夕方になっても雨は一向に止む気配がない。
表を歩くのは気が進まないが、今週から来週にかけて春の展覧会が軒並み終了してしまうので、慌てて出向く。こんな天気だが致し方あるまい。
飯田橋から傘をさしてとぼとぼ歩く。途中に立ち寄った古びた煙草屋で両切りのバットをカートンで購入。なおもてくてく歩いて印刷博物館へ。「美人のつくりかた」という展覧会を観る。
明治から昭和初年にかけて星の数ほど作られた「美人ポスター」は、すでにさまざまな機会で目にしている。むしろその手の展覧会の定番といってもよい。だが今回の企画はそうした凡百の展示とはまるで異なる。「石版から始まる広告ポスター」と副題にもあるように、石版からジンク版、そしてオフセットへと進化する印刷技術に徹底的にこだわって、モノとして、印刷物としてのポスターがどのように制作されていったか、技術の変遷や印刷所の役割について、わかり易く、痒いところに手の届く懇切な展示を成し遂げた、画期的な展覧会である。
石版画=リトグラフというが、その当時、実際に版に用いられた分厚い石灰石の存在感に目をみはる。
美人ポスターの原画(油絵)がどれほどの忠実度で石版に写されたか、両者の比較も面白い。
原画を新たに撮影し、分解版を起こし、実際にジンク版にして刷ってみるという試みも興味津々だ。会場に置かれた巨大な製版用カメラに驚かされる。
もちろん百数十点のポスターのなかで婉然と微笑む美人たちも魅力的だが、それ以上に当時の職人芸の凄さや印刷技術の素晴らしさ(つまりそれが美人の「つくりかた」なのですね)にこそ目を奪われる。
さすが印刷博物館、さすが凸版印刷だ。家人を誘ってでももう一度出かけたい。六月三日まで。
まだ雨は止まない。ついでとばかりに飯田橋から竹橋へ出て、東京国立近代美術館の「靉光展」へ。金曜日は夜間開館で八時まで開いている。

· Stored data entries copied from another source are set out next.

lemma real_power_entry_diag_nonneg: "0 \<le> real_power_entry n U lam t i i"
  unfolding real_power_entry_def by (intro sum_nonneg) simp

lemma sign_change_entry_commute: "sign_change_entry n U j i = sign_change_entry n U i j"
  unfolding sign_change_entry_def by (simp only: mult.commute)

lemma critical_exponent_commute: "critical_exponent n U lam j i = critical_exponent n U lam i j"
  unfolding critical_exponent_def real_power_entry_def by (simp only: mult.commute)

lemma real_orthogonal_carrier: "real_orthogonal n U \<Longrightarrow> U \<in> carrier_mat n n"
  unfolding real_orthogonal_def by simp

lemma real_orthogonal_columns:
  assumes "real_orthogonal n U" "k < n" "p < n"
  shows "(\<Sum>l<n. U $$ (l, k) * U $$ (l, p)) = (if k = p then 1 else 0)"
proof -
  have "(transpose_mat U * U) $$ (k, p) = (\<Sum>l<n. U $$ (l, k) * U $$ (l, p))"
    using real_orthogonal_carrier[OF assms(1)] assms(2,3)
    by (simp add: scalar_prod_def atLeast0LessThan)
  then show ?thesis using assms unfolding real_orthogonal_def by simp
qed

lemma real_orthogonal_rows:
  assumes "real_orthogonal n U" "i < n" "j < n"
  shows "(\<Sum>k<n. U $$ (i, k) * U $$ (j, k)) = (if i = j then 1 else 0)"
proof -
  have U: "U \<in> carrier_mat n n" using real_orthogonal_carrier[OF assms(1)] .
  then have "U * transpose_mat U = 1\<^sub>m n"
    using mat_mult_left_right_inverse[of "transpose_mat U" n U] assms(1)
    unfolding real_orthogonal_def by simp
  moreover have "(U * transpose_mat U) $$ (i, j) = (\<Sum>k<n. U $$ (i, k) * U $$ (j, k))"
    using U assms(2,3) by (simp add: scalar_prod_def atLeast0LessThan)
  ultimately show ?thesis using assms(2,3) by simp
qed

context
  fixes n :: nat and A U :: "real mat" and lam :: "nat \<Rightarrow> real"
  assumes dnn: "doubly_nonnegative n A"
    and orth: "real_orthogonal n U"
    and decomp: "A = U * mat_diag n lam * transpose_mat U"
    and pos: "\<forall>k<n. lam k > 0"
begin

lemma entry_eq_spectral_sum:
  assumes "l < n" "j < n"
  shows "A $$ (l, j) = (\<Sum>p<n. U $$ (l, p) * lam p * U $$ (j, p))"
proof -
  have U: "U \<in> carrier_mat n n" using real_orthogonal_carrier[OF orth] .
  have "U * mat_diag n lam = mat n n (\<lambda>(i, j). U $$ (i, j) * lam j)"
    by (rule mat_diag_mult_right[OF U])
  then show ?thesis unfolding decomp using U assms by (simp add: scalar_prod_def atLeast0LessThan)
qed

lemma real_power_entry_eq_exp_sum:
  "real_power_entry n U lam t i j = exp_sum n (\<lambda>k. U $$ (i, k) * U $$ (j, k)) (\<lambda>k. ln (lam k)) t"
  unfolding real_power_entry_def exp_sum_def
  by (intro sum.cong) (use pos in \<open>auto simp: powr_def mult.commute\<close>)

lemma real_power_entry_add_1:
  assumes "i < n" "j < n"
  shows "real_power_entry n U lam (t + 1) i j = (\<Sum>l<n. real_power_entry n U lam t i l * A $$ (l, j))"
proof -
  let ?f = "\<lambda>k p. U $$ (i, k) * lam k powr t * lam p * U $$ (j, p)"
  have "(\<Sum>l<n. real_power_entry n U lam t i l * A $$ (l, j))
      = (\<Sum>l<n. \<Sum>p<n. \<Sum>k<n. ?f k p * (U $$ (l, k) * U $$ (l, p)))"
    unfolding real_power_entry_def
    by (intro sum.cong) (simp_all add: entry_eq_spectral_sum assms sum_product mult_ac)
  also have "\<dots> = (\<Sum>l<n. \<Sum>k<n. \<Sum>p<n. ?f k p * (U $$ (l, k) * U $$ (l, p)))"
    by (intro sum.cong refl sum.swap)
  also have "\<dots> = (\<Sum>k<n. \<Sum>p<n. \<Sum>l<n. ?f k p * (U $$ (l, k) * U $$ (l, p)))"
    by (subst sum.swap) (intro sum.cong refl sum.swap)
  also have "\<dots> = (\<Sum>k<n. \<Sum>p<n. ?f k p * (\<Sum>l<n. U $$ (l, k) * U $$ (l, p)))"
    by (simp only: sum_distrib_left)
  also have "\<dots> = (\<Sum>k<n. ?f k k)"
    by (simp add: real_orthogonal_columns[OF orth] if_distrib cong: if_cong)
  also have "\<dots> = real_power_entry n U lam (t + 1) i j"
    unfolding real_power_entry_def
    by (intro sum.cong) (use pos in \<open>auto simp: powr_add mult_ac\<close>)
  finally show ?thesis by simp
qed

靉光(あいみつ)は若い頃には心惹かれ、ずいぶん熱心に観た。そのぶん、再会すると白けた気分になってしまうのは、以前ここで取り上げたジャコメッティと同断だろう。1979年に新宿のデパートで大掛かりな回顧展を観て以来、久々の展観なのだが、昔のように「軍国主義に逆らった抵抗の画家」と持ち上げる風潮は影を潜め、等身大の画家の実像に迫ろうというのが今回の企てのようだ。その趣旨はわかるのだが、会場でパネル解説を拾い読みした限りでは、個々の作品の解読がまるで進んでおらず、「…のようにもみえる」「…といえるかもしれない」といった隔靴掻痒の記述ばかり目につく。要するにわからない、ということなのだろう。
ほとんどの作品は二十八年ぶりの再会だが、あのときの感動は甦らない。小生も「抵抗の画家」神話を信じていたからだろう。
この展覧会は5月27日まで。あと残すところ二日しかない。
千葉に帰りついてもまだ雨。明日も展覧会が控えているが、晴れてくれるといいな。